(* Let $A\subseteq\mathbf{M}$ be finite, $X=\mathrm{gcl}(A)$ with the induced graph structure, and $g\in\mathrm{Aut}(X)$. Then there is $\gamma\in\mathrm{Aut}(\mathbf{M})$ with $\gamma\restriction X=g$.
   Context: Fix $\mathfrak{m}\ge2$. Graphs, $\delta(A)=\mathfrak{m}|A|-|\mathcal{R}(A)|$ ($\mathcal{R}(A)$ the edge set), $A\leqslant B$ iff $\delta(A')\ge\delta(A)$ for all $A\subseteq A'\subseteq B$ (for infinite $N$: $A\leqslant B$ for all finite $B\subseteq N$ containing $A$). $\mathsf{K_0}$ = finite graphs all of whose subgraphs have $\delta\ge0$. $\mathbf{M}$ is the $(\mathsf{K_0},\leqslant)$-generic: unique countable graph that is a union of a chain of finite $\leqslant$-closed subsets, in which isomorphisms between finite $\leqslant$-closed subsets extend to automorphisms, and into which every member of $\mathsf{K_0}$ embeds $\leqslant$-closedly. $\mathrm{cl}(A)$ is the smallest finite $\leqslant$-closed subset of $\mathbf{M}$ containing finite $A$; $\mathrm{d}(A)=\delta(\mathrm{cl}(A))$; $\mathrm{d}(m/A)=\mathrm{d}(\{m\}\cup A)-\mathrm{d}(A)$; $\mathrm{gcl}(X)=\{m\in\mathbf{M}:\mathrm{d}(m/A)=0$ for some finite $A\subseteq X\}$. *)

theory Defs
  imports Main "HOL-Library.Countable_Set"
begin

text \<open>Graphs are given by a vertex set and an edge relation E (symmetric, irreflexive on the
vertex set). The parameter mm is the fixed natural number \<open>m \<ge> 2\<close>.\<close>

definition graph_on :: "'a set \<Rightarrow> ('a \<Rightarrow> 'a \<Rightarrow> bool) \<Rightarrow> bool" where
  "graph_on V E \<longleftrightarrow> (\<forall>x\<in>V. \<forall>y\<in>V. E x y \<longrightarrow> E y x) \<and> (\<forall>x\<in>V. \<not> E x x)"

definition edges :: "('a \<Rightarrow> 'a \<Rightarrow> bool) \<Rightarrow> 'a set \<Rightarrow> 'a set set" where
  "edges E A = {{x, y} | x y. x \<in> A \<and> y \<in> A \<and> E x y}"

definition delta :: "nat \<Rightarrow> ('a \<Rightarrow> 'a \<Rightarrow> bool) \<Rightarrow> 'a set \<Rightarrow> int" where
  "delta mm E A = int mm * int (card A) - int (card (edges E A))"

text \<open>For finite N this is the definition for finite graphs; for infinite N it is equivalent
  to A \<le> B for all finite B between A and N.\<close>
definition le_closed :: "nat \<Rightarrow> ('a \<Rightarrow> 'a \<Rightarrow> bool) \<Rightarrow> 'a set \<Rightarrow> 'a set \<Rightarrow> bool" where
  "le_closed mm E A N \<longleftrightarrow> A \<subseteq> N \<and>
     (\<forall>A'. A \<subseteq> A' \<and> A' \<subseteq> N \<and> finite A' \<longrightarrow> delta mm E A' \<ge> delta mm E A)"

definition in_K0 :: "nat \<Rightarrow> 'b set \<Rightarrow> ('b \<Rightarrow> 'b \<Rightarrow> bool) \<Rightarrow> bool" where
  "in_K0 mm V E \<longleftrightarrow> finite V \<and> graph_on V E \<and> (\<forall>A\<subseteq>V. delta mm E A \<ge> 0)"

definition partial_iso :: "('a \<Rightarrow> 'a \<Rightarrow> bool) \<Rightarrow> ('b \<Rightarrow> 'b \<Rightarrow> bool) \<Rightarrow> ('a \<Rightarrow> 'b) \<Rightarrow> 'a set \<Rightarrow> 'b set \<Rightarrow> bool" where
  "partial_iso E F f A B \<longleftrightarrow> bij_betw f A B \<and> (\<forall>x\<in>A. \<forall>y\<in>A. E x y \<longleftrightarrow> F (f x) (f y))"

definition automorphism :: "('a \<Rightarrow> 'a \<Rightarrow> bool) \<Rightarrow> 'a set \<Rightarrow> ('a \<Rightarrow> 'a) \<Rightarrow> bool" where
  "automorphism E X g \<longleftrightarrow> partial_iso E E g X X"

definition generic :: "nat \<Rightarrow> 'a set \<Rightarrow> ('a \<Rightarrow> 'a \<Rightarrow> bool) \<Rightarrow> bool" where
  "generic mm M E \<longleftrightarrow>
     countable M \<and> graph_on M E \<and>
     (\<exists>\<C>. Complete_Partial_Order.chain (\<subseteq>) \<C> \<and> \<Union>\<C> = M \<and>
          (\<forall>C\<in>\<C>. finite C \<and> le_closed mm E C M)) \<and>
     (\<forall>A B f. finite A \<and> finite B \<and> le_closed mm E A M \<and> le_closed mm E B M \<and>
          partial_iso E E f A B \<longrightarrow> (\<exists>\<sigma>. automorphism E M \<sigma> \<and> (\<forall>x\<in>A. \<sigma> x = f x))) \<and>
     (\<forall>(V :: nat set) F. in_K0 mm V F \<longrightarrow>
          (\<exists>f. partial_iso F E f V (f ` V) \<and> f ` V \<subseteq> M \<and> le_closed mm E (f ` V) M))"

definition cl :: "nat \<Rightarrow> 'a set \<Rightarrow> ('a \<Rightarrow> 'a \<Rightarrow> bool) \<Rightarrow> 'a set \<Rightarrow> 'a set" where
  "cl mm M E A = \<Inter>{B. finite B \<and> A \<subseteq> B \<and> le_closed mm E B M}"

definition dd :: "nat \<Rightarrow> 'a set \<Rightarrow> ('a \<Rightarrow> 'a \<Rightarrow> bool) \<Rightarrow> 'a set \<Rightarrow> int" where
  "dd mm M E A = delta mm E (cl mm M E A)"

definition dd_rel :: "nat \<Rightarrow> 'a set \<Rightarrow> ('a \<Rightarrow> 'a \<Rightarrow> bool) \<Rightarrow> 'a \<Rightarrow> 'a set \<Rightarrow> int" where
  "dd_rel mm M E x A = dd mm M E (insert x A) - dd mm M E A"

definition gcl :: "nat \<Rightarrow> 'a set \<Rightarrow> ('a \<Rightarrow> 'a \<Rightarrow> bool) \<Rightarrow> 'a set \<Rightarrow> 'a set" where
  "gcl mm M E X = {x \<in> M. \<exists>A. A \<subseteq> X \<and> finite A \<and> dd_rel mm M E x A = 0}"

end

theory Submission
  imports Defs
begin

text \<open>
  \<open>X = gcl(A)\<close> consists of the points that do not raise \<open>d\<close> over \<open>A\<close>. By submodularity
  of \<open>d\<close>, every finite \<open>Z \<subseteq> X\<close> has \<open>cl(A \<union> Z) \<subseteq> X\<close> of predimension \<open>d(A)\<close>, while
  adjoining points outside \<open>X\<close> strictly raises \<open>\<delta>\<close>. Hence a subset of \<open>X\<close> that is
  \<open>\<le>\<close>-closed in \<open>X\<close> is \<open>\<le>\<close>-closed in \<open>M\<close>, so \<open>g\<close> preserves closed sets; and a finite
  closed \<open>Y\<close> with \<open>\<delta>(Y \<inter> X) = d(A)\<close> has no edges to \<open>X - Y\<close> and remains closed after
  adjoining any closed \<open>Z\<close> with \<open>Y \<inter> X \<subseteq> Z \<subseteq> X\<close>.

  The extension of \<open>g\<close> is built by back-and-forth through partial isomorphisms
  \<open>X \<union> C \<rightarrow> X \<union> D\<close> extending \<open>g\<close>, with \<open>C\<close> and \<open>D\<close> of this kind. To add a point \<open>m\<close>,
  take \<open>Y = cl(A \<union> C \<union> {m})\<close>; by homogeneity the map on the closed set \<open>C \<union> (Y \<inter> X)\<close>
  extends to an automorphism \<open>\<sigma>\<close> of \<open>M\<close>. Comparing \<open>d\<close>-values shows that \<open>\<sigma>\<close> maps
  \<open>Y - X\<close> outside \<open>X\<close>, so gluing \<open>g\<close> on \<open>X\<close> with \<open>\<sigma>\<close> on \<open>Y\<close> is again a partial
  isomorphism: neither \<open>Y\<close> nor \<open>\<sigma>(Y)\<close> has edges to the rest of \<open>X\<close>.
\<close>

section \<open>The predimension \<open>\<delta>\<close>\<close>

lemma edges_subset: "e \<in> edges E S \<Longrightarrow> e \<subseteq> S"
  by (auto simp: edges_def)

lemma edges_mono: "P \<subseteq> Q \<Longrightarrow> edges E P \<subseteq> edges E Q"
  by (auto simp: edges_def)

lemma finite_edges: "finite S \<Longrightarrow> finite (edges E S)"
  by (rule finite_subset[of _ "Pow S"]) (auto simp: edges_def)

**WHAT IS BEING ASKED**: Take the stretch of lines above from the one containing "text \<open>Graphs are" through the one containing "to A \<le> B" and repeat it exactly, adding no other line.

**EXPECTED OUTPUT**:
text \<open>Graphs are given by a vertex set and an edge relation E (symmetric, irreflexive on the
vertex set). The parameter mm is the fixed natural number \<open>m \<ge> 2\<close>.\<close>

definition graph_on :: "'a set \<Rightarrow> ('a \<Rightarrow> 'a \<Rightarrow> bool) \<Rightarrow> bool" where
  "graph_on V E \<longleftrightarrow> (\<forall>x\<in>V. \<forall>y\<in>V. E x y \<longrightarrow> E y x) \<and> (\<forall>x\<in>V. \<not> E x x)"

definition edges :: "('a \<Rightarrow> 'a \<Rightarrow> bool) \<Rightarrow> 'a set \<Rightarrow> 'a set set" where
  "edges E A = {{x, y} | x y. x \<in> A \<and> y \<in> A \<and> E x y}"

definition delta :: "nat \<Rightarrow> ('a \<Rightarrow> 'a \<Rightarrow> bool) \<Rightarrow> 'a set \<Rightarrow> int" where
  "delta mm E A = int mm * int (card A) - int (card (edges E A))"

text \<open>For finite N this is the definition for finite graphs; for infinite N it is equivalent
  to A \<le> B for all finite B between A and N.\<close>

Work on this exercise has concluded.